lemma le_star_of_le: "(\<And>n. f n \<le> g n) \<Longrightarrow> le_star f g"
  unfolding le_star_def by blast

lemma is_omega1_uncountable_unbounded:
  assumes "is_omega1 TYPE('a::wellorder)" and "uncountable (A :: 'a set)"
  shows "\<exists>\<alpha>\<in>A. \<beta> < \<alpha>"
proof (rule ccontr)
  assume "\<not> (\<exists>\<alpha>\<in>A. \<beta> < \<alpha>)"
  hence "A \<subseteq> insert \<beta> {\<gamma>. \<gamma> < \<beta>}" by (auto simp: not_less le_less)
  moreover have "countable {\<gamma>. \<gamma> < \<beta>}" using assms(1) unfolding is_omega1_def by blast
  ultimately have "countable A" by (simp add: countable_subset)
  thus False using assms(2) by contradiction
qed

lemma is_omega1_countable_bounded_indices:
  assumes "is_omega1 TYPE('a::wellorder)"
    and mono: "\<forall>\<alpha> \<beta>::'a. \<alpha> < \<beta> \<longrightarrow> le_star (g \<alpha>) (g \<beta>)"
    and unbounded: "\<forall>f. \<exists>\<alpha>. \<not> le_star (g \<alpha>) f"
  shows "countable {\<alpha>. le_star (g \<alpha>) f}"
proof (rule ccontr)
  assume "uncountable {\<alpha>. le_star (g \<alpha>) f}"
  have "le_star (g \<beta>) f" for \<beta>
  proof -
    obtain \<alpha> where "le_star (g \<alpha>) f" "\<beta> < \<alpha>"
      using is_omega1_uncountable_unbounded[OF assms(1) \<open>uncountable _\<close>] by blast
    thus ?thesis using mono le_star_trans by blast
  qed
  thus False using unbounded by blast
qed

lemma countable_if_subsingleton:
  assumes "\<And>p q. p \<in> A \<Longrightarrow> q \<in> A \<Longrightarrow> p = q" shows "countable A"
proof (cases "A = {}")
  case False
  then obtain p where "p \<in> A" by blast
  hence "A \<subseteq> {p}" using assms by blast
  thus ?thesis by (rule countable_subset) simp
qed simp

▸ **Exercise directions**
In the records above, how many lines include "hence"? Reply only with the number.

▸ **Exercise response**
2